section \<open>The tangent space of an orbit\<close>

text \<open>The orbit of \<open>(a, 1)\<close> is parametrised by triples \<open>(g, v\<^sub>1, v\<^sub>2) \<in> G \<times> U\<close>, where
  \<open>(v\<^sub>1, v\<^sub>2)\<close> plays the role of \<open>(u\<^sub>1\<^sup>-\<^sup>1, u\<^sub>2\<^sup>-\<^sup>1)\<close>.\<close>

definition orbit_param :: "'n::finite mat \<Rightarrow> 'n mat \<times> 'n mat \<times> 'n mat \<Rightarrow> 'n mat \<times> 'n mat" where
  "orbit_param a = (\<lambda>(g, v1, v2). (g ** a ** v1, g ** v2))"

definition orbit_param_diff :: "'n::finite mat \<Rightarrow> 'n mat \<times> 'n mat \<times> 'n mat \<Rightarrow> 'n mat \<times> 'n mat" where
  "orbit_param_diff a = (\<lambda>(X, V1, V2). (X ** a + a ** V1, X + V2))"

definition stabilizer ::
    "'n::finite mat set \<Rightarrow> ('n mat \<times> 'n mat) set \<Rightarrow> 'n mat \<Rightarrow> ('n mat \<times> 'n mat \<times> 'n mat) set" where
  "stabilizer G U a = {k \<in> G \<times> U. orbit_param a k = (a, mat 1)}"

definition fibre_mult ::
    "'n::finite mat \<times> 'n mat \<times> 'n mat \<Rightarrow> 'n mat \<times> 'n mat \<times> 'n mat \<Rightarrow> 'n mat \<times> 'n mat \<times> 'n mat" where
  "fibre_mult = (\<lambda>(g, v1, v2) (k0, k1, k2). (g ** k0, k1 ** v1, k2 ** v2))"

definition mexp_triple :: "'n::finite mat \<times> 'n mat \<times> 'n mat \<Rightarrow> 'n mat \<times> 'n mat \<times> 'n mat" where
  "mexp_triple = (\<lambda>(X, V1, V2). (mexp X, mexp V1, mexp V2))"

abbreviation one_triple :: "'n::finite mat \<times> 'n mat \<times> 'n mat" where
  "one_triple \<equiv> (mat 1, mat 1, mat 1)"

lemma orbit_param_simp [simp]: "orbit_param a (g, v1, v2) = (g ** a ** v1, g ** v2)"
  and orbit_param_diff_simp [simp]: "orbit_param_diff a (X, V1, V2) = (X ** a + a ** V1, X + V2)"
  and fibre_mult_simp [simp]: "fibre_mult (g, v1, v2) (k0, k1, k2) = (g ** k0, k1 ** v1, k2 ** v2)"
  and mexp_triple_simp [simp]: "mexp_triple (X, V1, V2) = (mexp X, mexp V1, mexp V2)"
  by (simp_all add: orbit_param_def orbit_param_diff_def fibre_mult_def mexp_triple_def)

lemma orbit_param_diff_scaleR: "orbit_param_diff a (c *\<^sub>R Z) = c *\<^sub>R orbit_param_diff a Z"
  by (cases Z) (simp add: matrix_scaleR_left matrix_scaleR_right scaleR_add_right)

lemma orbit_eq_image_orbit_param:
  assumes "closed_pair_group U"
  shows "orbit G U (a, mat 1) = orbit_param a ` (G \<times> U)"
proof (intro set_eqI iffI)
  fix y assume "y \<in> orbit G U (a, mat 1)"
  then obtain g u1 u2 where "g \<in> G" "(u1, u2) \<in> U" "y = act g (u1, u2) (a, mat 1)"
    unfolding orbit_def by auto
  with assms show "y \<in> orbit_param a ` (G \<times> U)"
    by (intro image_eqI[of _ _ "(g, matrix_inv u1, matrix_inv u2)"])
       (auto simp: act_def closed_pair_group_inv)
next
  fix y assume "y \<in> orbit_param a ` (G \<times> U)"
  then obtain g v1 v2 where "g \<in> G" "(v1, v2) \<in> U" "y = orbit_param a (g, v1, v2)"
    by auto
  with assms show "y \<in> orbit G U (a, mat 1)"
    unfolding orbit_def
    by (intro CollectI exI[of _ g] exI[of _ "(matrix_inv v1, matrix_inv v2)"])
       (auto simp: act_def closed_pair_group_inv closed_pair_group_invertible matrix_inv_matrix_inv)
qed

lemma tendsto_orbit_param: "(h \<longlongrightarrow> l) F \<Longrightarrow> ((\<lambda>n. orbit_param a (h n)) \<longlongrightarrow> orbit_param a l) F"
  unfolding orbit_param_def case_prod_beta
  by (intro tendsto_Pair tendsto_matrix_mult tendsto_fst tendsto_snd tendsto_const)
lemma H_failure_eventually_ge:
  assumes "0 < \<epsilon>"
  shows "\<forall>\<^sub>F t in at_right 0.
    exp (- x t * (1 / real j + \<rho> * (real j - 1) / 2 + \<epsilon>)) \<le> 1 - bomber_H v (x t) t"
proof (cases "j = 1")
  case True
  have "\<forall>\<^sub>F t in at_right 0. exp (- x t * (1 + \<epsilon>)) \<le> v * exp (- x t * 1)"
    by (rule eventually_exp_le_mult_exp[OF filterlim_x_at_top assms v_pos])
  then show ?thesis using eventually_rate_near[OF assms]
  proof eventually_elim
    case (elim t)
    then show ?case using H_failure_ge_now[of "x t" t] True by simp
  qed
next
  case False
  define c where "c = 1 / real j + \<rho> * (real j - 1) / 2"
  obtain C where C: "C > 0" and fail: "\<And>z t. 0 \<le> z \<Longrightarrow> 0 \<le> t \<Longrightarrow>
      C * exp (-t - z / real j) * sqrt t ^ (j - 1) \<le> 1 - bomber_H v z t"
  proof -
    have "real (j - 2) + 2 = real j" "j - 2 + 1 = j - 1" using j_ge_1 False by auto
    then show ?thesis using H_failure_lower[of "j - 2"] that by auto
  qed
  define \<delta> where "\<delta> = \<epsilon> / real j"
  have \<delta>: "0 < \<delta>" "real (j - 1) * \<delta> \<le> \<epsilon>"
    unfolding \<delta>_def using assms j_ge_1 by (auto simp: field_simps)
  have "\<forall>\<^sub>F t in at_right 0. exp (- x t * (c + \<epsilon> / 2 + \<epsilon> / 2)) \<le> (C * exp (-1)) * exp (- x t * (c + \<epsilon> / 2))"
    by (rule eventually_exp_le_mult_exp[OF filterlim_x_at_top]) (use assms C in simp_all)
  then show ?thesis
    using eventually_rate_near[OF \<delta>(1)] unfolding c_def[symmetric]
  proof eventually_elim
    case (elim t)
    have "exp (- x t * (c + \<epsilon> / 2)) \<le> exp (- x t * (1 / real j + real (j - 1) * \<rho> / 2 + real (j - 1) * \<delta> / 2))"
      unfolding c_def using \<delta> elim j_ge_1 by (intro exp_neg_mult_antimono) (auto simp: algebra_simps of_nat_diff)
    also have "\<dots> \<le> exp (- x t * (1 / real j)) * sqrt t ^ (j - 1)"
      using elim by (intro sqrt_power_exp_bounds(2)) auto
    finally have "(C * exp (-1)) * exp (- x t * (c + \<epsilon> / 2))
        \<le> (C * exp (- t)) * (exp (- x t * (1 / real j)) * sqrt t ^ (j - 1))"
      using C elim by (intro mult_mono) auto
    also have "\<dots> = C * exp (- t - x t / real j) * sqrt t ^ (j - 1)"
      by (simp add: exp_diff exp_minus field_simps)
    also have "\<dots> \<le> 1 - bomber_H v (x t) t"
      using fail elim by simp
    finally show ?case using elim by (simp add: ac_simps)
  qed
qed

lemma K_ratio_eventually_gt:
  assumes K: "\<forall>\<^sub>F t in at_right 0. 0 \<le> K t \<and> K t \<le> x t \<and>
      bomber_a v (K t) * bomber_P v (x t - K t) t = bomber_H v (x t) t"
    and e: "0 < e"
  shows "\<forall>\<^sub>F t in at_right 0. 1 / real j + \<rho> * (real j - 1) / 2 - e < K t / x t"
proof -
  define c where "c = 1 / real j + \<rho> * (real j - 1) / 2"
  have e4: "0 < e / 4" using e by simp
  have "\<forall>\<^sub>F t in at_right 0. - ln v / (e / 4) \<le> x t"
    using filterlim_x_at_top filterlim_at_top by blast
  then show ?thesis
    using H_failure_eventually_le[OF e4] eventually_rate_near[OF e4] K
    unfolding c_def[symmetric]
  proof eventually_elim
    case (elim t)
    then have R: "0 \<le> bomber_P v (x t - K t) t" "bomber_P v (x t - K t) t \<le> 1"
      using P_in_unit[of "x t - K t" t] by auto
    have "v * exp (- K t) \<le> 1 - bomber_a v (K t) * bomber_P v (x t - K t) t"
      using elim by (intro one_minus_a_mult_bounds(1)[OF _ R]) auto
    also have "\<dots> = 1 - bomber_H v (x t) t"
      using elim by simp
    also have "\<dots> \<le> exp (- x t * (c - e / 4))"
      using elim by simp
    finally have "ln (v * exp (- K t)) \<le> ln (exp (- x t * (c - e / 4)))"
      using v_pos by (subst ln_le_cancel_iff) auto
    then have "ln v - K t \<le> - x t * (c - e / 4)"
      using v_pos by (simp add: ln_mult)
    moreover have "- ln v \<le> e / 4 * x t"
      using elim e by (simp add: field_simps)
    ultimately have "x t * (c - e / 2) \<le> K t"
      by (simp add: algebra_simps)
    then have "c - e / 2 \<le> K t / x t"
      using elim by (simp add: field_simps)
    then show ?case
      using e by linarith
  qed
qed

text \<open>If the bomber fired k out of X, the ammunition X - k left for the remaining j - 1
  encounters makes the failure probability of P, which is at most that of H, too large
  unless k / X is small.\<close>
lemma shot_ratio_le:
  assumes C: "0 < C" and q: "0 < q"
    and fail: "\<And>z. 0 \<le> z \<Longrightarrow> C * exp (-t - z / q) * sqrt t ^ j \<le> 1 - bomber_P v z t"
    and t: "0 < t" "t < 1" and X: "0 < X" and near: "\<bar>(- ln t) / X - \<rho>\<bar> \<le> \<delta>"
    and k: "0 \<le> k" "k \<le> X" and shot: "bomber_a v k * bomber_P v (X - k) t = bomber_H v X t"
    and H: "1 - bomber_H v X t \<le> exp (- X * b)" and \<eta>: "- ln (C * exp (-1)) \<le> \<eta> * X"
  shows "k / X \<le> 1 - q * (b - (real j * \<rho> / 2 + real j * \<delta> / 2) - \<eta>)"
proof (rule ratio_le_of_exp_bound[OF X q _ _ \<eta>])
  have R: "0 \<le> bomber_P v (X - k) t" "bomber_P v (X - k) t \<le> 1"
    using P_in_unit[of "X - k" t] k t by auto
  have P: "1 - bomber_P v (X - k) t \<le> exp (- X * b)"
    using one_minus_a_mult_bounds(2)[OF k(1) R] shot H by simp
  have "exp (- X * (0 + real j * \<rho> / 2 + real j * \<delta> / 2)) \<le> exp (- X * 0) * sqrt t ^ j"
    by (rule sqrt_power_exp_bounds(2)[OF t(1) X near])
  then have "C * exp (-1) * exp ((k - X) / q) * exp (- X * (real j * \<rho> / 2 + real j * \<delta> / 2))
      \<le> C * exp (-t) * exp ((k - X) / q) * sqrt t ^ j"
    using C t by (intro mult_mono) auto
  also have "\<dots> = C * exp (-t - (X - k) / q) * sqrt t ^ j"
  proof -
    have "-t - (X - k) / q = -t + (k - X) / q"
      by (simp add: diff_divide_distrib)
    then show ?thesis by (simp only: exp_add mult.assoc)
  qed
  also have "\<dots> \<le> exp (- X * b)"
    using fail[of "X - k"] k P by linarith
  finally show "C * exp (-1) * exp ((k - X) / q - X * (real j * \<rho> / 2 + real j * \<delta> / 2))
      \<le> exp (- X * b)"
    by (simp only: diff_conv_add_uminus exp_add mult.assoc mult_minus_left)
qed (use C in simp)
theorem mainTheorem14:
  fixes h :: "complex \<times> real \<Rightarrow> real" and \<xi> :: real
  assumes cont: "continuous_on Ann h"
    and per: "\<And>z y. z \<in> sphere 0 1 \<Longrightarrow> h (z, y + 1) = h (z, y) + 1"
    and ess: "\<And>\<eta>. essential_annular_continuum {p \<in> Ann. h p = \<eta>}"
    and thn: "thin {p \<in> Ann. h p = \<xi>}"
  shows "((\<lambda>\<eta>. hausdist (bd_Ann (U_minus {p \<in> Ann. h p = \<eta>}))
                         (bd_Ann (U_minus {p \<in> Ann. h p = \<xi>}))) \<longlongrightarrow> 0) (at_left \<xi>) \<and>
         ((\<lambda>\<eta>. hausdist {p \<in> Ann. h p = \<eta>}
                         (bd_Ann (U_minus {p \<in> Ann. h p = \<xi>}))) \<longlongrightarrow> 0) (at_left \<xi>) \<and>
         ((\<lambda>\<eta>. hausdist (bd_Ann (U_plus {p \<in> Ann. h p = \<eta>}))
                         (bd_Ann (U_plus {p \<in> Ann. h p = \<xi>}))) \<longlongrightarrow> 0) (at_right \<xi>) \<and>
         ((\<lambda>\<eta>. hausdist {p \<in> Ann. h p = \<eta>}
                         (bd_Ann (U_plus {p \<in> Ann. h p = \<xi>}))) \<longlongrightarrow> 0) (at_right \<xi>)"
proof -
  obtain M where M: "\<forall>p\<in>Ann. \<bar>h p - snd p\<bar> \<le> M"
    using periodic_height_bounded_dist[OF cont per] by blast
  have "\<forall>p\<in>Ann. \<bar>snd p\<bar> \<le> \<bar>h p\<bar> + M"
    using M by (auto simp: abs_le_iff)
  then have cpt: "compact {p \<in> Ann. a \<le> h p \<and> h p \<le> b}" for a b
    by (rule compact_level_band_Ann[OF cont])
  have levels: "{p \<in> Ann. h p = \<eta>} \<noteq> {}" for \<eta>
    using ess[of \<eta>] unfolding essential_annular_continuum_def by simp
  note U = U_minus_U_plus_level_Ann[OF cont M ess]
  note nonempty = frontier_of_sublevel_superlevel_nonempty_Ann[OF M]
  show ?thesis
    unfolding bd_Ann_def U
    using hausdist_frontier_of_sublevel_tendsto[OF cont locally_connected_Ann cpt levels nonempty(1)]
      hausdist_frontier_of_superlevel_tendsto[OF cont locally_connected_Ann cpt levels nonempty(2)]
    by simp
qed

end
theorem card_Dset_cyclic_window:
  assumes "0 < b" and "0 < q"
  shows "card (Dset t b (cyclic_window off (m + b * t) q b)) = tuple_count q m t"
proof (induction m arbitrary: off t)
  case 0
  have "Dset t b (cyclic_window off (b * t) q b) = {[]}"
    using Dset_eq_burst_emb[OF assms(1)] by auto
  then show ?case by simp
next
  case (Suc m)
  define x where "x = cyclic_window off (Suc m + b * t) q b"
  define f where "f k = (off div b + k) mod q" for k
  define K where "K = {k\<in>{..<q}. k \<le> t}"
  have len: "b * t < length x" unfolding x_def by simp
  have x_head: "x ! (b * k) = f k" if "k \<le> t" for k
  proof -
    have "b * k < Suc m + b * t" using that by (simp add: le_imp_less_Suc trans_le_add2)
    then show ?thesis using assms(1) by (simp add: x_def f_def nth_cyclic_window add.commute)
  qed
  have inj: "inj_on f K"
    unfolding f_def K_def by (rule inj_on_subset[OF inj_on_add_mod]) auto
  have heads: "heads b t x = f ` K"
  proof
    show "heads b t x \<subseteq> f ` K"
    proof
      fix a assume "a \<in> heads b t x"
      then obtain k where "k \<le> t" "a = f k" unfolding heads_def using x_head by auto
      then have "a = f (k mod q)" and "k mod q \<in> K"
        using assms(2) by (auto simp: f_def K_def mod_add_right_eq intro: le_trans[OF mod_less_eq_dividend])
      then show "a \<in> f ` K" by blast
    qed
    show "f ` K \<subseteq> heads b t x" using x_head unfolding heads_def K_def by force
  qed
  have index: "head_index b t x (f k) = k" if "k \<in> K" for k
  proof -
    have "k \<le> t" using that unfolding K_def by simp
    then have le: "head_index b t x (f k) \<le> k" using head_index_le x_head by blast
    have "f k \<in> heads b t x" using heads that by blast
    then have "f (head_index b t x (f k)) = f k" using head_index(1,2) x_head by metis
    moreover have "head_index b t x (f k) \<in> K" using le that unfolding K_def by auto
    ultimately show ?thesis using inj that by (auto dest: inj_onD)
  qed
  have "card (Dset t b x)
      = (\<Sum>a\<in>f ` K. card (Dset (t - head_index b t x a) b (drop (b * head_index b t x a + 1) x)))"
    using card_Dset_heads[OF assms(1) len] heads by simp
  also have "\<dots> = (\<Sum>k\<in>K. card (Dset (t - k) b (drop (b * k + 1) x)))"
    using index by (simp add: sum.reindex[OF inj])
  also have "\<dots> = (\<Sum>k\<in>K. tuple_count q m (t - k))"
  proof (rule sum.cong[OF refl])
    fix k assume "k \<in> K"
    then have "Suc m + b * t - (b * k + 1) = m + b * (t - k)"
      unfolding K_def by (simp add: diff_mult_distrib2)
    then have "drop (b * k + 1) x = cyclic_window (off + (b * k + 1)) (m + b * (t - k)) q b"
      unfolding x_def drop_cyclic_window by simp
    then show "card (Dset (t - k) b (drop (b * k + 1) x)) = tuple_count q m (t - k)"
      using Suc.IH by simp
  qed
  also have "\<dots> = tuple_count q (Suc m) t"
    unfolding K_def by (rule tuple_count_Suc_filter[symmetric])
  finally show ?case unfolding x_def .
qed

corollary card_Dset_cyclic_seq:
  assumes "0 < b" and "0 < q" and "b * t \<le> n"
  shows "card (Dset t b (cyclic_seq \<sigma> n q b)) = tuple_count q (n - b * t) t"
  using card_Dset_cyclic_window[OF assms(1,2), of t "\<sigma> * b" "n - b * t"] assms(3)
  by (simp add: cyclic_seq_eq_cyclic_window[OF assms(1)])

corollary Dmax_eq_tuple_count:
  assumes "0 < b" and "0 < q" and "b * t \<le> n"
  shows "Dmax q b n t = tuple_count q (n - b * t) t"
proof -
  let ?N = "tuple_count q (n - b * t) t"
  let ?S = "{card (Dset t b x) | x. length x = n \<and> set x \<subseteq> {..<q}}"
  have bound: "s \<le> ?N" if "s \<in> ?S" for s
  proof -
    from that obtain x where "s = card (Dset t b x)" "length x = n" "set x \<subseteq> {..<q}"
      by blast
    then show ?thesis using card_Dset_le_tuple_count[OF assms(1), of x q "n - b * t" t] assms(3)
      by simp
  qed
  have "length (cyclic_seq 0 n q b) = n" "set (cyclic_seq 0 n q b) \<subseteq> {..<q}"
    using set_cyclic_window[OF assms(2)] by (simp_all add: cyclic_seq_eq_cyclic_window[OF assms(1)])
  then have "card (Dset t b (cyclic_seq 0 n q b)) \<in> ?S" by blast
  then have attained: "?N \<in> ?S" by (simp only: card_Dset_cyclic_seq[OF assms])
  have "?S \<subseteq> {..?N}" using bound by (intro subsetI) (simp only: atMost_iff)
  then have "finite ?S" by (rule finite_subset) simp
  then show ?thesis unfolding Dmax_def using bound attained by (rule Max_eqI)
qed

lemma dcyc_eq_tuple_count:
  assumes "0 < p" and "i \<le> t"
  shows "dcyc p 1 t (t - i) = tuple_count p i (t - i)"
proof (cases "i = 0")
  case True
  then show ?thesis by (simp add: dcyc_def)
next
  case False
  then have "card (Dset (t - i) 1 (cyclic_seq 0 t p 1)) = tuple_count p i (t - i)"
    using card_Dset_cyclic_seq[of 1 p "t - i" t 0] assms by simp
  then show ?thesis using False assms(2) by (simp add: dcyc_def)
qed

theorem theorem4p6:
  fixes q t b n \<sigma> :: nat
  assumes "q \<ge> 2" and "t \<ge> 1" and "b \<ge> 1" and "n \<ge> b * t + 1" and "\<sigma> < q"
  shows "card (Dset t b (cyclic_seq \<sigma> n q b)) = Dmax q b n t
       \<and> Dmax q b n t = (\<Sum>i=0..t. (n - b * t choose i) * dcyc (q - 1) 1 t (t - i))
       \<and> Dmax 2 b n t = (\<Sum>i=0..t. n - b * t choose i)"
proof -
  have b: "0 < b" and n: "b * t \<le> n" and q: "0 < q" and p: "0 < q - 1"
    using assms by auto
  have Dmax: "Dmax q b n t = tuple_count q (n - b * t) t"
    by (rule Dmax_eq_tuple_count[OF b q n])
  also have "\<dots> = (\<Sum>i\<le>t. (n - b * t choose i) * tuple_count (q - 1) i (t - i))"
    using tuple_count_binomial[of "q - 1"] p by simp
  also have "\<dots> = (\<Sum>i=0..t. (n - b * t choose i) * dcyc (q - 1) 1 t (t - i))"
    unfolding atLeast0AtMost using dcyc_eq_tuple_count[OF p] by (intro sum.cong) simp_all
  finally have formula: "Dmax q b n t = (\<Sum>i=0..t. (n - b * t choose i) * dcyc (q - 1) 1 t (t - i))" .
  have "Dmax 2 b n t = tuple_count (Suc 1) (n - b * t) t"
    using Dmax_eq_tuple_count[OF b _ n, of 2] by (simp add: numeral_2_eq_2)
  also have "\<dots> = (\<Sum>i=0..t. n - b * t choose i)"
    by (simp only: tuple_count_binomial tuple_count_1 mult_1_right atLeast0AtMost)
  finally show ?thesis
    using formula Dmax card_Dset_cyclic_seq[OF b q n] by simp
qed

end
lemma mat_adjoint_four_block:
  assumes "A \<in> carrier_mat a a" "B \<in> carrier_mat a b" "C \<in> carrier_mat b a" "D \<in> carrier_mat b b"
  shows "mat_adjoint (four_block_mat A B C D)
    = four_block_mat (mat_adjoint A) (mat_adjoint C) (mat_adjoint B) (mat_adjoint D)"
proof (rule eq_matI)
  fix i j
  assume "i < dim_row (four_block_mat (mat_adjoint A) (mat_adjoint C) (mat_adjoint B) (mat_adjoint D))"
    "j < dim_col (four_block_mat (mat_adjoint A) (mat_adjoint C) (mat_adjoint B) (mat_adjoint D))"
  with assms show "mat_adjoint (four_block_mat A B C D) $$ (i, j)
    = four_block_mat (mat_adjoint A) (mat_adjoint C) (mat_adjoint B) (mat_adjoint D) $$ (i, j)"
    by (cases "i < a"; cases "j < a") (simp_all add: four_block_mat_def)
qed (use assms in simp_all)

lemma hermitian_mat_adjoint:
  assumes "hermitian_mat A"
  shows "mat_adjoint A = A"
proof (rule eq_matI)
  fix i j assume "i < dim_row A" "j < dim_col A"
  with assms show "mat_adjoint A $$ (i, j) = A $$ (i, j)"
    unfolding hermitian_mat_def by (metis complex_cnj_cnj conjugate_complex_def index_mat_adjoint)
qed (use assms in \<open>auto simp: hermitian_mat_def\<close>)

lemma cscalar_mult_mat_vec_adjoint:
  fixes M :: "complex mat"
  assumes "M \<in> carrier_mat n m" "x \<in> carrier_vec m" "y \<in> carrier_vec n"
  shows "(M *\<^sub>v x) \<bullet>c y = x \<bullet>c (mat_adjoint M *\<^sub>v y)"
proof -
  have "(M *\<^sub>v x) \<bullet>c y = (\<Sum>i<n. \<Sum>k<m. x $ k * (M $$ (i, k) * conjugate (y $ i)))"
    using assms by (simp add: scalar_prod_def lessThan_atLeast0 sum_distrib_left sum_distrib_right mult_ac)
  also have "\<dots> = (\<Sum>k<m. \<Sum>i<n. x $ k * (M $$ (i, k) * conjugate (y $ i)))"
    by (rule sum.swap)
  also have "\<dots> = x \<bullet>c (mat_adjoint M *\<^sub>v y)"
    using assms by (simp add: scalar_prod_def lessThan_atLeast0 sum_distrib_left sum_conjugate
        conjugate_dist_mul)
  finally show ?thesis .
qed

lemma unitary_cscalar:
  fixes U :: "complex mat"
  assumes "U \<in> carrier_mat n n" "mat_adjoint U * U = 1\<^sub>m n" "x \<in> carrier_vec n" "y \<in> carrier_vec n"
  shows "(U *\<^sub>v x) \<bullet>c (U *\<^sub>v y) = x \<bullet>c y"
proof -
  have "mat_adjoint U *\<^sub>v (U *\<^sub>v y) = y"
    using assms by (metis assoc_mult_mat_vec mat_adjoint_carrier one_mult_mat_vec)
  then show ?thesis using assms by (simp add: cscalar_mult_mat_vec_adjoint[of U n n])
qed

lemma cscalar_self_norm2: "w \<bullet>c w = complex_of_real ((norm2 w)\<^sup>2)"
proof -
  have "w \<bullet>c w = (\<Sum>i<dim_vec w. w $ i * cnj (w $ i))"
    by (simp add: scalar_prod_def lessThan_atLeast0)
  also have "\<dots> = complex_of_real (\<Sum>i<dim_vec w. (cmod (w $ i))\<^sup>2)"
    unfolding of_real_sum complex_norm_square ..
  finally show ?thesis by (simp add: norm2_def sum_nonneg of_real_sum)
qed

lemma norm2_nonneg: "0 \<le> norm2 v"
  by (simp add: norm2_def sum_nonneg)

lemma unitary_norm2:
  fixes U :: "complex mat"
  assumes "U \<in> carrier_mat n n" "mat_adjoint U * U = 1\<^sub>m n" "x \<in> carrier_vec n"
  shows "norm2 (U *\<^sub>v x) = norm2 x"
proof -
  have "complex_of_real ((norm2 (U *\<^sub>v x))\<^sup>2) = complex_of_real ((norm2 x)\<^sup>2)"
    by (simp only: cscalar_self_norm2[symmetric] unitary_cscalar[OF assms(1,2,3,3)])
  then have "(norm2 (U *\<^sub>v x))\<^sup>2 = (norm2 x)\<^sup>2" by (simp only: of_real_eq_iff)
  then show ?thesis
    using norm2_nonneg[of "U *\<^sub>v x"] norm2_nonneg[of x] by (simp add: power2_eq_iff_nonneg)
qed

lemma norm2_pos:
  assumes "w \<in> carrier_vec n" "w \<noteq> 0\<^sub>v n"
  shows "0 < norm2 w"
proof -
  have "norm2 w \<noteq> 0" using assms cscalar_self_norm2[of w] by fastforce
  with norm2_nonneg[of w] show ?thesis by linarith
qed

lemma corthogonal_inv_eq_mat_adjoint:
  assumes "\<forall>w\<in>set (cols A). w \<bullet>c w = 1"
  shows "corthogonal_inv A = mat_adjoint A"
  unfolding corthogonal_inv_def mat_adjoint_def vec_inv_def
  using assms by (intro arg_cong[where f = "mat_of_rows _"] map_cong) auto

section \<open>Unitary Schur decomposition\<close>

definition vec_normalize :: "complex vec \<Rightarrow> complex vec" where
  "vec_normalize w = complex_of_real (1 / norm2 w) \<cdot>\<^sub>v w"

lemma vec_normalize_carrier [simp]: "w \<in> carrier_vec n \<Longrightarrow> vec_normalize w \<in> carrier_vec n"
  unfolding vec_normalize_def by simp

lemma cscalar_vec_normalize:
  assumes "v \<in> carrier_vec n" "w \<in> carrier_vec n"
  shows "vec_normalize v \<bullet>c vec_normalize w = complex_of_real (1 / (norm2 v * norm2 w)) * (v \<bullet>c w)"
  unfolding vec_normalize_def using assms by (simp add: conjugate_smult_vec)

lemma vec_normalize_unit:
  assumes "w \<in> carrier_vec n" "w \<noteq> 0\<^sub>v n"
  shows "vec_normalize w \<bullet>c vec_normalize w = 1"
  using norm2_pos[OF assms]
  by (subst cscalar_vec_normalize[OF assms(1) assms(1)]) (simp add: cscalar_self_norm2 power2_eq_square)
──────────
◆ Problem to work on: Repeat every line of the data word for word until you have repeated the line that contains "v\<^sub>2)\<close> plays the", which is the last one to include.

◆ Exercise answer:
section \<open>The tangent space of an orbit\<close>

text \<open>The orbit of \<open>(a, 1)\<close> is parametrised by triples \<open>(g, v\<^sub>1, v\<^sub>2) \<in> G \<times> U\<close>, where
  \<open>(v\<^sub>1, v\<^sub>2)\<close> plays the role of \<open>(u\<^sub>1\<^sup>-\<^sup>1, u\<^sub>2\<^sup>-\<^sup>1)\<close>.\<close>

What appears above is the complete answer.